The majority of folks in this country have traditionally been too proud (or too well-fed) to "stoop" to eating so-called "trash" fish such as carp. Which suits a certain minority of reverse-status gourmets just fine. Because if they're properly prepared, carp (and other bottom feeders) can be lip-smackin' good, as the three articles in this special section point out. And, as the authors whose work appears here also note, putting tens — even hundreds — of pounds of that eatin' on the table isn't nearly as difficult as you might have thought.

The cove is still and brown from the feeding of numerous fish In the mud-grown weeds. Highstepping like a heron, you pull your left foot out of 14 inches of 80 degree water and start to slide it back In, toes first. Your attention all this time is on the movements of a barely visible carp nibbling at the roots of a sweet clover plant. Its head is down and the muddy water has kept it from seeing your approach. 

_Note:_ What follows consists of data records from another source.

(* For $n\ge2$, the group $VSPG_n$ is representable as the semi-direct product $VSPG_n=VS_{n-1}^*\rtimes VSPG_{n-1}=VS_{n-1}^*\rtimes\big(VS_{n-2}^*\rtimes(\cdots\rtimes(VS_2^*\rtimes VS_1^* )\cdots)\big)$, where $VS_{k-1}^*$, for $3\le k\le n$, are infinitely generated subgroups of $VSPG_n$, and $VS_1^*$ is a subgroup of rank $4$ (generated by $\mu_{12},\mu_{21},\gamma_{12},\gamma_{21}$).
   Context: $VSPG_n$ is the group generated by $\{\mu_{ij},\gamma_{ij}\mid 1\le i\ne j\le n\}$ with defining relations (distinct letters denote distinct indices): $\mu_{ij}\mu_{ik}\mu_{jk}=\mu_{jk}\mu_{ik}\mu_{ij}$; $\mu_{ij}\mu_{ik}\gamma_{jk}=\gamma_{jk}\mu_{ik}\mu_{ij}$; $\gamma_{ij}\mu_{ik}\mu_{jk}=\mu_{jk}\mu_{ik}\gamma_{ij}$; $\mu_{ij}\gamma_{ji}=\gamma_{ij}\mu_{ji}$; $\mu_{ij}\mu_{kl}=\mu_{kl}\mu_{ij}$, $\gamma_{ij}\gamma_{kl}=\gamma_{kl}\gamma_{ij}$, $\mu_{ij}\gamma_{kl}=\gamma_{kl}\mu_{ij}$ (the virtual singular pure braid group, i.e. the kernel of the permutation homomorphism on the virtual singular braid group $VSG_n$). For $k<n$, $VSPG_k$ is identified with the subgroup of $VSPG_n$ generated by $\mu_{ij},\gamma_{ij}$ with $i,j\le k$. For $2\le i\le n$, $VS_{i-1}$ is the subgroup generated by $\mu_{1i},\dots,\mu_{i-1,i},\mu_{i1},\dots,\mu_{i,i-1},\gamma_{1i},\dots,\gamma_{i-1,i},\gamma_{i1},\dots,\gamma_{i,i-1}$, and $VS_{i-1}^*$ is the normal closure of $VS_{i-1}$ in $VSPG_i$; $VSPG_2=VS_1=VS_1^*$. *)

theory Defs
  imports "HOL-Algebra.Algebra"
begin

datatype gen = Mu nat nat | Ga nat nat

text \<open>A letter is a generator together with an exponent sign (True = +1, False = -1).\<close>
type_synonym letter = "gen \<times> bool"
type_synonym word = "letter list"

Carefully you raise the longbow you're carrying as your toes approach the bottom when — oh no! — a 12 pound fish makes the water boil under your foot and — in a panic to escape — rams your right leg, nearly knocking you over. As you try to regain your balance, your left foot comes down hard with a noisy splash. 



And now you're in the midst of a stampede. Mud billows up all around. You look for a chance to get off a quick shot, but as usual the rushing carp are too swift and too hard to see. Their only traces are fast-moving wakes on the surface and the feel of pressure waves against your feet. Then all is calm again . . . except your heartbeat! 

The above scene is a common one for those who stalk carp with bow and arrow . . . and it may or may not ruin the day, depending on how the hunt is organized and carried out. Here's how we do it at Grand Coulee Dam's Lake Roosevelt, where the fish we catch range from 3 to 12 pounds in weight and measure in at 16 to 36 inches.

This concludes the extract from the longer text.